How to complete this task> Each line in the entries below that holds the string "lemma" is to be listed.

[Dataset entries]
◆ ◆ ◆ ◆ ◆ ◆ ◆

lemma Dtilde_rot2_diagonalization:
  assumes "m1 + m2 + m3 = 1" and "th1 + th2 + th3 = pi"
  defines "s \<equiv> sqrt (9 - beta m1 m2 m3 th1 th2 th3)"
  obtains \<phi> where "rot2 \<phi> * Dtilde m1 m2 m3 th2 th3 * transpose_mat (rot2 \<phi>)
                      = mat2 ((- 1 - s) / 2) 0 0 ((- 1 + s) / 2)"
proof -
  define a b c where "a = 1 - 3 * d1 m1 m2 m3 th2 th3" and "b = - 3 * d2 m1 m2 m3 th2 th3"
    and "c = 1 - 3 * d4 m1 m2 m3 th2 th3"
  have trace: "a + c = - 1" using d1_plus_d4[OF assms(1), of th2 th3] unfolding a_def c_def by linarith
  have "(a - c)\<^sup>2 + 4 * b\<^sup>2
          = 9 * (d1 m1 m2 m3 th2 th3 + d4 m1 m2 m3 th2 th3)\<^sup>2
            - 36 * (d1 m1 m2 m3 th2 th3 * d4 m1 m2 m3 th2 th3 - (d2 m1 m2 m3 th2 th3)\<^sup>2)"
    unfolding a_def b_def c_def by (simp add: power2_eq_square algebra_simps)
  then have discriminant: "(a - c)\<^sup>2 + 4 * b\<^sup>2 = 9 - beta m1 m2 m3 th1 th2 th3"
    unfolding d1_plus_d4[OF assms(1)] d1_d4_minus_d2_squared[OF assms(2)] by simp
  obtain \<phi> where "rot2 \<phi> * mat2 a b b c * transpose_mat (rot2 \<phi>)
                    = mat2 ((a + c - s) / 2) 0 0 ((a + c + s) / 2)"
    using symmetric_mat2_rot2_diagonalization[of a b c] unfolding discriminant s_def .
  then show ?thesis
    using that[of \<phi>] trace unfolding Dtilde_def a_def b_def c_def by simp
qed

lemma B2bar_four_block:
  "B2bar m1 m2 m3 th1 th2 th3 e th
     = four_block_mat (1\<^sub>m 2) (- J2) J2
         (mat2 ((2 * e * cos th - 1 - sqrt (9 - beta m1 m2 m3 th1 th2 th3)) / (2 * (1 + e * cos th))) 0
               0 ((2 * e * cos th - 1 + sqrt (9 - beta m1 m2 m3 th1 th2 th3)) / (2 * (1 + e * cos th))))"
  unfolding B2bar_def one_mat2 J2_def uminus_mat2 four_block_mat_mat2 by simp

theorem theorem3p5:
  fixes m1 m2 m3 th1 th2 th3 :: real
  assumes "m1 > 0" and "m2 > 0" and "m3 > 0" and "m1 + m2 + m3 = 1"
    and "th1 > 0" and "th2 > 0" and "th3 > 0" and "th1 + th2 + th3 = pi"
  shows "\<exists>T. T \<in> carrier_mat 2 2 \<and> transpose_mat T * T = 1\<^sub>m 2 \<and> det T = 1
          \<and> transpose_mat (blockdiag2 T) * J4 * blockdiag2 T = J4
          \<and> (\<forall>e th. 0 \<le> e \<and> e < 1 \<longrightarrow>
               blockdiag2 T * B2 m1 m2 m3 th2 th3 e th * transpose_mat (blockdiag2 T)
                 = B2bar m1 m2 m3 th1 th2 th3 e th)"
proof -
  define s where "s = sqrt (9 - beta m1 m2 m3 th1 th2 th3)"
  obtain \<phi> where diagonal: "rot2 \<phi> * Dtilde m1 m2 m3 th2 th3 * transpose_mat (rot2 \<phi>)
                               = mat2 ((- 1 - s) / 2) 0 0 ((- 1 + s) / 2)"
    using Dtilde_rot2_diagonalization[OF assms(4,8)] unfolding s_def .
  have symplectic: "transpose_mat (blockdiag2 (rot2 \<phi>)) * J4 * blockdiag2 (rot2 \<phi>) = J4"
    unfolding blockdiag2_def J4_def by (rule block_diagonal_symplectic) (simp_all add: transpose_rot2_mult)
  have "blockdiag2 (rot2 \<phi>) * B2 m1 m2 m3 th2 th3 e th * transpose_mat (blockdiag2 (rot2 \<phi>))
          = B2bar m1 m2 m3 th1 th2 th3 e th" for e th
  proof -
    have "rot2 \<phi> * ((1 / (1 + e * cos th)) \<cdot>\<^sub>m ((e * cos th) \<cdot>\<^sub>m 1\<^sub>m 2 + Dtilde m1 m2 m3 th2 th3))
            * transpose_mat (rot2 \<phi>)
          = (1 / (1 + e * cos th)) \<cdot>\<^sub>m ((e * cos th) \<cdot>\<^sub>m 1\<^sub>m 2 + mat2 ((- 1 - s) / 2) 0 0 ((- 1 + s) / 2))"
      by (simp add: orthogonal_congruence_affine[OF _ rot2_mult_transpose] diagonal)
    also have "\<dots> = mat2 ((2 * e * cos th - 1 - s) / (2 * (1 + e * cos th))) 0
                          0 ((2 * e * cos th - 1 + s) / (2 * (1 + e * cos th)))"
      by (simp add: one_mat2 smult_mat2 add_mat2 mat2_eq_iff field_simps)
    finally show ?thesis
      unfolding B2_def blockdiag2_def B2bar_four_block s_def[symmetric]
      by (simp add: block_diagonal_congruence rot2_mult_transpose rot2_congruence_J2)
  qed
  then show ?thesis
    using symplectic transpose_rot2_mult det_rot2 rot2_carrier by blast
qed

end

◆ ◆ ◆ ◆ ◆ ◆ ◆

Response box>
lemma Dtilde_rot2_diagonalization:
lemma B2bar_four_block:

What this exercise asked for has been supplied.